What is required: Determine how many lines in the data below contain "against" and write only that number.
───── Working data ─────
text \<open>Testing the defining identity of the Kirchhoff divergence against a continuous bump that
  equals 1 at \<open>h k\<close> and vanishes at every other lattice point shows that \<open>\<psi>\<^sub>h(h k)\<close> is the
  central second difference quotient
  \<open>h\<^sup>-\<^sup>2 \<Sum>\<^sub>i (\<Phi>(h k, h k + h e\<^sub>i) + \<Phi>(h k, h k - h e\<^sub>i))\<close> in the variable \<open>y\<close>.
  Hence \<open>\<Q>(\<Phi>,h)(x)\<close> is this quotient at the lower corner of the cube containing \<open>x\<close>. Since
  \<open>\<Phi>(p,p) = 0\<close>, Taylor's theorem writes each summand as an average of two values of
  \<open>\<partial>\<^sup>2\<Phi>/\<partial>y\<^sub>i\<^sup>2\<close> at points within \<open>O(h)\<close> of \<open>(x,x)\<close>, so the quotients converge to
  \<open>\<Delta>\<^sub>y\<Phi>(x,x)\<close> uniformly on compact sets, and their integrals against a test function converge.
  For \<open>\<Phi>(x,y) = f y - f x\<close> one has \<open>\<Delta>\<^sub>y\<Phi>(x,x) = \<Delta>f(x)\<close>.\<close>

section \<open>Lattice neighbours and the Kirchhoff divergence\<close>

lemma int_sum_squares_eq_1_iff:
  fixes d :: "'n::finite \<Rightarrow> int"
  shows "(\<Sum>i\<in>UNIV. (d i)\<^sup>2) = 1 \<longleftrightarrow> (\<exists>i. (d i = 1 \<or> d i = -1) \<and> (\<forall>m. m \<noteq> i \<longrightarrow> d m = 0))"
proof
  assume sum1: "(\<Sum>i\<in>UNIV. (d i)\<^sup>2) = 1"
  obtain i where "d i \<noteq> 0"
    using sum1 by (metis (mono_tags) sum.neutral zero_power2 zero_neq_one)
  then have ge1: "(d i)\<^sup>2 \<ge> 1"
    by (simp add: int_one_le_iff_zero_less)
  have split: "(\<Sum>i\<in>UNIV. (d i)\<^sup>2) = (d i)\<^sup>2 + (\<Sum>m\<in>UNIV-{i}. (d m)\<^sup>2)"
    by (simp add: sum.remove)
  have rest: "(\<Sum>m\<in>UNIV-{i}. (d m)\<^sup>2) \<ge> 0"
    by (simp add: sum_nonneg)
  have "(d i)\<^sup>2 = 1"
    using sum1 split ge1 rest by linarith
  moreover have "(\<Sum>m\<in>UNIV-{i}. (d m)\<^sup>2) = 0"
    using sum1 split ge1 rest by linarith
  then have "\<forall>m. m \<noteq> i \<longrightarrow> d m = 0"
    using sum_nonneg_eq_0_iff[of "UNIV-{i}" "\<lambda>m. (d m)\<^sup>2"] by simp
  ultimately show "\<exists>i. (d i = 1 \<or> d i = -1) \<and> (\<forall>m. m \<noteq> i \<longrightarrow> d m = 0)"
    using power2_eq_1_iff by blast
next
  assume "\<exists>i. (d i = 1 \<or> d i = -1) \<and> (\<forall>m. m \<noteq> i \<longrightarrow> d m = 0)"
  then obtain i where unit: "d i = 1 \<or> d i = -1" and zero: "\<forall>m. m \<noteq> i \<longrightarrow> d m = 0"
    by blast
  have "(\<Sum>i\<in>UNIV. (d i)\<^sup>2) = (d i)\<^sup>2 + (\<Sum>m\<in>UNIV-{i}. (d m)\<^sup>2)"
    by (simp add: sum.remove)
  then show "(\<Sum>i\<in>UNIV. (d i)\<^sup>2) = 1"
    using unit zero by auto
qed

lemma nbr_iff: "nbr j k \<longleftrightarrow> (\<exists>i. j = k + axis i 1 \<or> j = k - axis i 1)"
proof -
  have "nbr j k \<longleftrightarrow> (\<Sum>i\<in>UNIV. (real_of_int (j$i - k$i))\<^sup>2) = 1"
    unfolding nbr_def norm_vec_def L2_set_def by simp
  also have "\<dots> \<longleftrightarrow> (\<Sum>i\<in>UNIV. (j$i - k$i)\<^sup>2) = (1::int)"
    by (metis (mono_tags, lifting) of_int_eq_1_iff of_int_power of_int_sum sum.cong)
  also have "\<dots> \<longleftrightarrow> (\<exists>i. (j$i - k$i = 1 \<or> j$i - k$i = -1) \<and> (\<forall>m. m \<noteq> i \<longrightarrow> j$m - k$m = 0))"
    by (rule int_sum_squares_eq_1_iff)
  also have "\<dots> \<longleftrightarrow> (\<exists>i. j = k + axis i 1 \<or> j = k - axis i 1)"
    by (rule ex_cong1) (auto simp: vec_eq_iff axis_def)
  finally show ?thesis .
qed

lemma sum_nbr:
  fixes G :: "int^'n \<Rightarrow> 'a::comm_monoid_add"
  shows "(\<Sum>j\<in>{j. nbr j k}. G j) = (\<Sum>i\<in>UNIV. G (k + axis i 1) + G (k - axis i 1))"
proof -
  have nbrs: "{j. nbr j k} = range (\<lambda>i. k + axis i 1) \<union> range (\<lambda>i. k - axis i 1)"
    by (auto simp: nbr_iff)
  have disjoint: "range (\<lambda>i. k + axis i 1) \<inter> range (\<lambda>i. k - axis i 1) = {}"
  proof (rule ccontr)
    assume "\<not> ?thesis"
    then obtain i m where "k + axis i 1 = k - axis m (1::int)"
      by auto
    then have "(k + axis i 1) $ i = (k - axis m (1::int)) $ i"
      by simp
    then show False
      by (auto simp: axis_def split: if_splits)
  qed
  have inj_plus: "inj (\<lambda>i. k + axis i (1::int))" and inj_minus: "inj (\<lambda>i. k - axis i (1::int))"
    by (auto simp: inj_def axis_eq_axis)
  have "(\<Sum>j\<in>{j. nbr j k}. G j)
      = (\<Sum>j\<in>range (\<lambda>i. k + axis i 1). G j) + (\<Sum>j\<in>range (\<lambda>i. k - axis i 1). G j)"
    unfolding nbrs by (rule sum.union_disjoint) (use disjoint in auto)
  also have "\<dots> = (\<Sum>i\<in>UNIV. G (k + axis i 1)) + (\<Sum>i\<in>UNIV. G (k - axis i 1))"
    by (simp add: sum.reindex[OF inj_plus] sum.reindex[OF inj_minus])
  finally show ?thesis
    by (simp add: sum.distrib)
qed

lemma lat_add_axis: "lat h (k + axis i 1) = lat h k + h *\<^sub>R axis i 1"
  and lat_diff_axis: "lat h (k - axis i 1) = lat h k - h *\<^sub>R axis i 1"
  by (auto simp: lat_def vec_eq_iff axis_def algebra_simps)

lemma norm_lat_diff_ge:
  assumes "0 < h" "j \<noteq> k"
  shows "h \<le> norm (lat h j - lat h k)"
proof -
  obtain i where "j$i \<noteq> k$i"
    using assms(2) by (auto simp: vec_eq_iff)
  then have "1 \<le> \<bar>real_of_int (j$i - k$i)\<bar>"
    by linarith
  then have "h \<le> h * \<bar>real_of_int (j$i - k$i)\<bar>"
    using assms(1) by (metis mult.right_neutral mult_left_mono less_le)
  also have "\<dots> = \<bar>(lat h j - lat h k) $ i\<bar>"
    using assms(1) by (simp add: lat_def abs_mult right_diff_distrib[symmetric])
  also have "\<dots> \<le> norm (lat h j - lat h k)"
    by (rule component_le_norm_cart)
  finally show ?thesis .
qed

lemma lattice_bump:
  fixes k :: "int^'n"
  assumes "0 < h"
  obtains \<phi> :: "real^'n \<Rightarrow> real" where "Cc \<phi>" "\<And>j. \<phi> (lat h j) = (if j = k then 1 else 0)"
proof
  define \<phi> :: "real^'n \<Rightarrow> real" where "\<phi> x = max 0 (1 - 2 * norm (x - lat h k) / h)" for x
  have vanish: "\<phi> x = 0" if "h/2 \<le> norm (x - lat h k)" for x
    using that assms by (simp add: \<phi>_def field_simps)
  show "Cc \<phi>"
    unfolding Cc_def
  proof
    show "continuous_on UNIV \<phi>"
      unfolding \<phi>_def by (intro continuous_intros) (use assms in auto)
    show "\<exists>K. compact K \<and> (\<forall>x. x \<notin> K \<longrightarrow> \<phi> x = 0)"
      by (intro exI[of _ "cball (lat h k) (h/2)"])
         (auto intro: vanish simp: dist_norm norm_minus_commute)
  qed
  show "\<phi> (lat h j) = (if j = k then 1 else 0)" for j
    using vanish[of "lat h j"] norm_lat_diff_ge[OF assms, of j k] assms
    by (auto simp: \<phi>_def)
qed

lemma infsum_eq_single:
  fixes g :: "'a \<Rightarrow> 'b::{comm_monoid_add, t2_space}"
  assumes "\<And>x. x \<noteq> a \<Longrightarrow> g x = 0"
  shows "(\<Sum>\<^sub>\<infinity>x. g x) = g a"
proof -
  have "(\<Sum>\<^sub>\<infinity>x. g x) = (\<Sum>\<^sub>\<infinity>x\<in>{a}. g x)"
    by (rule infsum_cong_neutral) (use assms in auto)
  then show ?thesis
    by simp
qed

definition disc_lap_y :: "((real^'n) \<times> (real^'n) \<Rightarrow> real) \<Rightarrow> real \<Rightarrow> real^'n \<Rightarrow> real" where
  "disc_lap_y \<Phi> h p = (\<Sum>i\<in>UNIV. \<Phi> (p, p + h *\<^sub>R axis i 1) + \<Phi> (p, p - h *\<^sub>R axis i 1)) / h\<^sup>2"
─────
The completed task: 2